Planners and senior marketers debated the source and role of insight in the creative process during a lively webinar on Thursday, January 17, largely agreeing that deep human truths are necessary for sparking ideas with visceral impact.
“Do the ‘I’s’ Have It?; Do Great Ideas Depend on Insights for Achieving Impact as a Communicator?” lifted the curtain on why PR firms lag advertising agencies in perceived creative muscle, with company culture and place in the strategic planning pecking order both named as culprits.
Moderated by Ketchum chief innovation officer, Karen Strauss, and the Holmes Report’s Arun Sudhaman, the webinar featured:
• Leontyne Green, CMO, IKEA
• Brett Groom, SVP, content integration/activation, ConAgra Foods
• Susan Bean, EVP/creative catalyst group, Marina Maher Communications
• Amelia Torode, head of innovation and venture strategy, The Good Relations Group
• Ruth Yearley, planning & development director, Ketchum
• James Kelly, EVP/global director of strategic and creative planning, Ketchum
An impetus for the webinar was the discovery that only 41 percent of PR practitioners stop to uncover the consumer problem or tension that is "the linchpin between the brand and the target audience" before jumping to tactical brainstorming. This was one of several alarming findings in the Creativity in PR study, which revealed that 61 percent of the PR world itself thinks big creative ideas are lacking. One hypothesis for why insight tilts more to advertising than PR is its origins in the ad business. Another is semantics.
The panelists shed light on how simple insight is, calling it "not mind blowing and often obvious," “a fertile revelation" about the consumer in relation to the brand, and ultimately "a fundamental truth that connects viscerally with the consumer in a universal way." Amelia Torode, a former ad planner who has since moved into PR, provided one simple clarification -- every New Year, people feel compelled to make resolutions. She described that as an observation. Every New Year, people try to change too much and end up frustrated. She described that as the simple realization that sparked 'Change One Thing,' a successful campaign for Boots in London.
Sounds easy enough? Panelists debated where great insights come from. Answers ranged from leading an "interesting and interested life" and "being curious and inquisitive" to being a student of human nature and using emotional intelligence. Where the experts differed was the extent to which research plays a critical role in fostering insights. Ruth Yearley, a Ketchum planner in London who learned planning in a branding firm, said sometimes planners "use research like a drunk uses a lamppost,” implying that an over-dependence on data can make spotting the human truth more challenging.

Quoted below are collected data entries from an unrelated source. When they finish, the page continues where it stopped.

(* Consider a planar multiple linear antenna array consisting of $M$ linear sub-arrays. Sub-array $m$ ($m=1,\dots,M$) has $N_m$ elements, with inter-element spacing $d_m>0$, and its $n$-th element ($n=1,\dots,N_m$) is located at $(x_{m,1}+(n-1)d_m,\; y_{m,1})$, where the leading element of the first sub-array is at the origin, $(x_{1,1},y_{1,1})=(0,0)$. For a complex weight vector $\mathbf w=(w_{m,n})$ (not identically zero), the beam pattern is $$f_{\mathbf w}(\theta)=\frac{1}{\sum_{m=1}^{M}\sum_{n=1}^{N_m}|w_{m,n}|}\sum_{m=1}^{M} e^{j2\pi(x_{m,1}\sin\theta+y_{m,1}\cos\theta)/\lambda}\sum_{n=1}^{N_m} w_{m,n}\,e^{j2\pi(n-1)d_m\sin\theta/\lambda},$$ where $\lambda>0$ is the wavelength. Let $\theta$ be an angle and $\mathfrak M(\theta)$ an angle with $\mathfrak M(\theta)\neq\theta$. Then $f_{\mathbf w}(\theta)=f_{\mathbf w}(\mathfrak M(\theta))$ holds for every weight vector $\mathbf w$ (i.e. the beam pattern is periodic at $\theta$ with period mapping $\mathfrak M$) if and only if both of the following hold: (C1) for every $i=1,\dots,M$, $\dfrac{d_i\left(\sin\theta-\sin(\mathfrak M(\theta))\right)}{\lambda}\in\mathbb Z\setminus\{0\}$; (C2) for every $l=2,\dots,M$, $\dfrac{x_{l,1}\left(\sin\theta-\sin(\mathfrak M(\theta))\right)+y_{l,1}\left(\cos\theta-\cos(\mathfrak M(\theta))\right)}{\lambda}\in\mathbb Z$.
   Context: Angles $\theta$ parametrize far-field directions in the plane via the unit vector $(\sin\theta,\cos\theta)$. Definition (principle of grating lobes): the beam pattern $f_{\mathbf w}(\cdot)$ is called periodic (on an angular interval) if there is a mapping $\mathfrak M$ with $\mathfrak M(\theta)\neq\theta$ and $f_{\mathbf w}(\theta)=f_{\mathbf w}(\mathfrak M(\theta))$ for every weight vector $\mathbf w$ and every $\theta$ in the interval; $\mathfrak M$ is called the period mapping. If the absolute radiation maxima occur within the interval, the pattern is said to exhibit grating lobes. *)

theory Defs
  imports Complex_Main
begin

text \<open>Sub-array m (1..M) has N m elements, spacing d m, leading element at (x m, y m);
  the n-th element (1..N m) sits at (x m + (n-1) d m, y m). lam is the wavelength,
  w m n the complex weights.\<close>
definition beam_pattern ::
  "nat \<Rightarrow> (nat \<Rightarrow> nat) \<Rightarrow> (nat \<Rightarrow> real) \<Rightarrow> (nat \<Rightarrow> real) \<Rightarrow> (nat \<Rightarrow> real) \<Rightarrow> real
   \<Rightarrow> (nat \<Rightarrow> nat \<Rightarrow> complex) \<Rightarrow> real \<Rightarrow> complex" where
  "beam_pattern M N d x y lam w \<theta> =
     (1 / complex_of_real (\<Sum>m=1..M. \<Sum>n=1..N m. cmod (w m n))) *
     (\<Sum>m=1..M. cis (2 * pi * (x m * sin \<theta> + y m * cos \<theta>) / lam) *
        (\<Sum>n=1..N m. w m n * cis (2 * pi * (real n - 1) * d m * sin \<theta> / lam)))"

end

theory Submission
  imports Defs
begin

text \<open>Writing the beam pattern as \<open>\<Sum> w m n * cis (\<phi> m n t)\<close> with the element phases
  \<open>\<phi>\<close>, and testing with weights supported on a single element, the pattern takes equal values
  at \<open>\<theta>\<close> and \<open>\<theta>'\<close> for all weights iff every phase difference \<open>\<phi> m n \<theta> - \<phi> m n \<theta>'\<close> is a
  multiple of \<open>2\<pi>\<close>. Divided by \<open>2\<pi>\<close> this difference is the arithmetic progression
  \<open>c\<^sub>2 m + (n - 1) c\<^sub>1 m\<close> in \<open>n\<close>, which, having at least two terms, is integral iff
  \<open>c\<^sub>1 m\<close> and \<open>c\<^sub>2 m\<close> are. Since the leading element of the first sub-array sits at the origin,
  \<open>c\<^sub>2 1 = 0\<close>; and \<open>c\<^sub>1 m \<noteq> 0\<close> because \<open>sin\<close> is injective on \<open>[-\<pi>/2, \<pi>/2]\<close>.\<close>

definition element_phase ::
  "(nat \<Rightarrow> real) \<Rightarrow> (nat \<Rightarrow> real) \<Rightarrow> (nat \<Rightarrow> real) \<Rightarrow> real \<Rightarrow> nat \<Rightarrow> nat \<Rightarrow> real \<Rightarrow> real" where
  "element_phase d x y lam m n t =
     2 * pi * (x m * sin t + y m * cos t + (real n - 1) * d m * sin t) / lam"

lemma cis_eq_cis_iff_Ints: "cis a = cis b \<longleftrightarrow> (a - b) / (2 * pi) \<in> \<int>"
proof -
  have "cis a = cis b \<longleftrightarrow> sin a = sin b \<and> cos a = cos b"
    by (auto simp: complex_eq_iff)
  also have "\<dots> \<longleftrightarrow> (\<exists>k::int. a = b + 2 * pi * k)"
    by (rule sin_cos_eq_iff)
  also have "\<dots> \<longleftrightarrow> (a - b) / (2 * pi) \<in> \<int>"
    by (auto simp: field_simps elim!: Ints_cases)
  finally show ?thesis .
qed

lemma beam_pattern_conv_element_phase:
  "beam_pattern M N d x y lam w t =
     (1 / complex_of_real (\<Sum>m=1..M. \<Sum>n=1..N m. cmod (w m n))) *
     (\<Sum>m=1..M. \<Sum>n=1..N m. w m n * cis (element_phase d x y lam m n t))"
proof -
  have "cis (element_phase d x y lam m n t) =
      cis (2 * pi * (x m * sin t + y m * cos t) / lam) * cis (2 * pi * (real n - 1) * d m * sin t / lam)"
    for m n
    by (simp add: element_phase_def cis_mult distrib_left add_divide_distrib mult.assoc)
  then show ?thesis
    by (simp add: beam_pattern_def sum_distrib_left mult_ac)
qed

lemma sum_sum_delta:
  assumes "finite A" "\<And>i. finite (B i)"
  shows "(\<Sum>i\<in>A. \<Sum>j\<in>B i. if i = a \<and> j = b then f i j else 0) =
           (if a \<in> A \<and> b \<in> B a then f a b else 0)"
proof -
  have "(\<Sum>i\<in>A. \<Sum>j\<in>B i. if i = a \<and> j = b then f i j else 0) =
          (\<Sum>i\<in>A. if i = a then \<Sum>j\<in>B a. if j = b then f a j else 0 else 0)"
    by (intro sum.cong) auto
  then show ?thesis
    using assms by (simp add: sum.delta)
qed

lemma beam_pattern_unit_weight:
  assumes "m \<in> {1..M}" "n \<in> {1..N m}"
  shows "beam_pattern M N d x y lam (\<lambda>i j. if i = m \<and> j = n then 1 else 0) t =
           cis (element_phase d x y lam m n t)"
proof -
  have "(\<Sum>i=1..M. \<Sum>j=1..N i. cmod (if i = m \<and> j = n then 1 else 0 :: complex)) = 1"
    using assms by (simp add: if_distrib[of cmod] sum_sum_delta cong: if_cong)
  moreover have "(\<Sum>i=1..M. \<Sum>j=1..N i. (if i = m \<and> j = n then 1 else 0) *
      cis (element_phase d x y lam i j t)) = cis (element_phase d x y lam m n t)"
    using assms by (simp add: if_distrib[of "\<lambda>z. z * _"] sum_sum_delta cong: if_cong)
  ultimately show ?thesis
    by (simp add: beam_pattern_conv_element_phase)
qed

lemma beam_pattern_periodic_iff:
  "(\<forall>w. (\<exists>m\<in>{1..M}. \<exists>n\<in>{1..N m}. w m n \<noteq> 0) \<longrightarrow>
        beam_pattern M N d x y lam w t = beam_pattern M N d x y lam w t') \<longleftrightarrow>
   (\<forall>m\<in>{1..M}. \<forall>n\<in>{1..N m}.
        cis (element_phase d x y lam m n t) = cis (element_phase d x y lam m n t'))"
proof
  assume periodic: "\<forall>w. (\<exists>m\<in>{1..M}. \<exists>n\<in>{1..N m}. w m n \<noteq> 0) \<longrightarrow>
    beam_pattern M N d x y lam w t = beam_pattern M N d x y lam w t'"
  show "\<forall>m\<in>{1..M}. \<forall>n\<in>{1..N m}.
    cis (element_phase d x y lam m n t) = cis (element_phase d x y lam m n t')"
  proof (intro ballI)
    fix m n assume mn: "m \<in> {1..M}" "n \<in> {1..N m}"
    define e :: "nat \<Rightarrow> nat \<Rightarrow> complex" where "e i j = (if i = m \<and> j = n then 1 else 0)" for i j
    have "\<exists>i\<in>{1..M}. \<exists>j\<in>{1..N i}. e i j \<noteq> 0"
      using mn by (auto simp: e_def)
    with periodic have "beam_pattern M N d x y lam e t = beam_pattern M N d x y lam e t'"
      by blast
    then show "cis (element_phase d x y lam m n t) = cis (element_phase d x y lam m n t')"
      unfolding e_def using beam_pattern_unit_weight[of m M n N d x y lam, OF mn] by simp
  qed
next
  assume "\<forall>m\<in>{1..M}. \<forall>n\<in>{1..N m}.
    cis (element_phase d x y lam m n t) = cis (element_phase d x y lam m n t')"
  then have "(\<Sum>m=1..M. \<Sum>n=1..N m. w m n * cis (element_phase d x y lam m n t)) =
      (\<Sum>m=1..M. \<Sum>n=1..N m. w m n * cis (element_phase d x y lam m n t'))" for w
    by (intro sum.cong refl) auto
  then show "\<forall>w. (\<exists>m\<in>{1..M}. \<exists>n\<in>{1..N m}. w m n \<noteq> 0) \<longrightarrow>
    beam_pattern M N d x y lam w t = beam_pattern M N d x y lam w t'"
    unfolding beam_pattern_conv_element_phase by presburger
qed

lemma element_phase_diff:
  "(element_phase d x y lam m n t - element_phase d x y lam m n t') / (2 * pi) =
     (x m * (sin t - sin t') + y m * (cos t - cos t')) / lam + (real n - 1) * (d m * (sin t - sin t') / lam)"
  unfolding element_phase_def by (simp add: diff_divide_distrib add_divide_distrib algebra_simps)

lemma Ints_arith_progression_iff:
  assumes "2 \<le> k"
  shows "(\<forall>n\<in>{1..k}. a + (real n - 1) * b \<in> \<int>) \<longleftrightarrow> a \<in> \<int> \<and> b \<in> \<int>"
proof
  assume progression: "\<forall>n\<in>{1..k}. a + (real n - 1) * b \<in> \<int>"
  have "1 \<in> {1..k}" "2 \<in> {1..k}"
    using assms by auto
  then have "a + (real 1 - 1) * b \<in> \<int>" "a + (real 2 - 1) * b \<in> \<int>"
    using progression by blast+
  then have a: "a \<in> \<int>" and "a + b \<in> \<int>"
    by simp_all
  then have "(a + b) - a \<in> \<int>"
    by (intro Ints_diff)
  with a show "a \<in> \<int> \<and> b \<in> \<int>"
    by simp
next
  assume "a \<in> \<int> \<and> b \<in> \<int>"
  then show "\<forall>n\<in>{1..k}. a + (real n - 1) * b \<in> \<int>"
    by (simp add: Ints_add Ints_mult Ints_diff)
qed

theorem theorem1:
  fixes M :: nat and N :: "nat \<Rightarrow> nat" and d x y :: "nat \<Rightarrow> real"
    and lam \<theta> \<theta>' :: real
  assumes M_pos: "M \<ge> 1"
    and N_ge: "\<And>m. m \<in> {1..M} \<Longrightarrow> N m \<ge> 2"
    and d_pos: "\<And>m. m \<in> {1..M} \<Longrightarrow> d m > 0"
    and origin: "x 1 = 0" "y 1 = 0"
    and lam_pos: "lam > 0"
    and theta_range: "\<theta> \<in> {-pi/2..pi/2}" "\<theta>' \<in> {-pi/2..pi/2}"
    and neq: "\<theta>' \<noteq> \<theta>"
  shows "(\<forall>w :: nat \<Rightarrow> nat \<Rightarrow> complex.
            (\<exists>m\<in>{1..M}. \<exists>n\<in>{1..N m}. w m n \<noteq> 0) \<longrightarrow>
            beam_pattern M N d x y lam w \<theta> = beam_pattern M N d x y lam w \<theta>')
         \<longleftrightarrow>
         ((\<forall>i\<in>{1..M}. d i * (sin \<theta> - sin \<theta>') / lam \<in> \<int> - {0}) \<and>
          (\<forall>l\<in>{2..M}. (x l * (sin \<theta> - sin \<theta>') + y l * (cos \<theta> - cos \<theta>')) / lam \<in> \<int>))"
proof -
  define c\<^sub>1 where "c\<^sub>1 m = d m * (sin \<theta> - sin \<theta>') / lam" for m
  define c\<^sub>2 where "c\<^sub>2 m = (x m * (sin \<theta> - sin \<theta>') + y m * (cos \<theta> - cos \<theta>')) / lam" for m
  have "sin \<theta> \<noteq> sin \<theta>'"
    using sin_inj_pi[of \<theta> \<theta>'] theta_range neq by auto
  then have c\<^sub>1_nonzero: "c\<^sub>1 m \<noteq> 0" if "m \<in> {1..M}" for m
    using d_pos[OF that] lam_pos by (simp add: c\<^sub>1_def)
  have "{1..M} = insert 1 {2..M}"
    using M_pos by auto
  moreover have "c\<^sub>2 1 = 0"
    using origin by (simp add: c\<^sub>2_def)
  moreover have "(\<forall>w :: nat \<Rightarrow> nat \<Rightarrow> complex.
            (\<exists>m\<in>{1..M}. \<exists>n\<in>{1..N m}. w m n \<noteq> 0) \<longrightarrow>
            beam_pattern M N d x y lam w \<theta> = beam_pattern M N d x y lam w \<theta>') \<longleftrightarrow>
        (\<forall>m\<in>{1..M}. \<forall>n\<in>{1..N m}. c\<^sub>2 m + (real n - 1) * c\<^sub>1 m \<in> \<int>)"
    unfolding beam_pattern_periodic_iff cis_eq_cis_iff_Ints element_phase_diff c\<^sub>1_def c\<^sub>2_def ..
  moreover have "\<dots> \<longleftrightarrow> (\<forall>m\<in>{1..M}. c\<^sub>2 m \<in> \<int> \<and> c\<^sub>1 m \<in> \<int>)"
    using Ints_arith_progression_iff N_ge by simp
  ultimately show ?thesis
    using c\<^sub>1_nonzero by (auto simp: c\<^sub>1_def c\<^sub>2_def)
qed

end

Beyond the research debate, most agreed the journey from research to insight to idea is never linear and often "messy" and the desire to make it neat or siloed should be resisted. Both Leontyne Green of Ikea and Brett Groom of ConAgra Foods said they strive to not limit strategic planning to their internal Insights department. Both are happy to collect insights from their marketing partners and employees and believe the responsibility to uncover and understand what makes the consumer tick is shared by all employees.
Susan Bean of Marina Maher Communications discussed her "Eureka Sessions," which require participants to talk to the target audience in advance of the session and arrive with multiple quotes from the target -- in essence, bringing the voice of the consumer into the room. Campaigns like the 'Thank You Mom' Olympics campaign for client P&G originate with a consumer "aha" -- in that award-winning case -- the realization that behind every great Olympian is a mom; that P&G is dedicated to helping moms; and moms enjoy watching the Olympics to hear the backstory of each Olympian. That simple insight produced 'Thank You Mom,' the tear-jerker campaign of 2012.
Is insight essential to producing creative ideas with impact? Quoting Marc Pritchard, the CMO of P&G, Susan Bean answered, "an insight without creativity can be boring but creativity without insight is worthless.”
Karen Strauss is partner and chief innovation officer at Ketchum.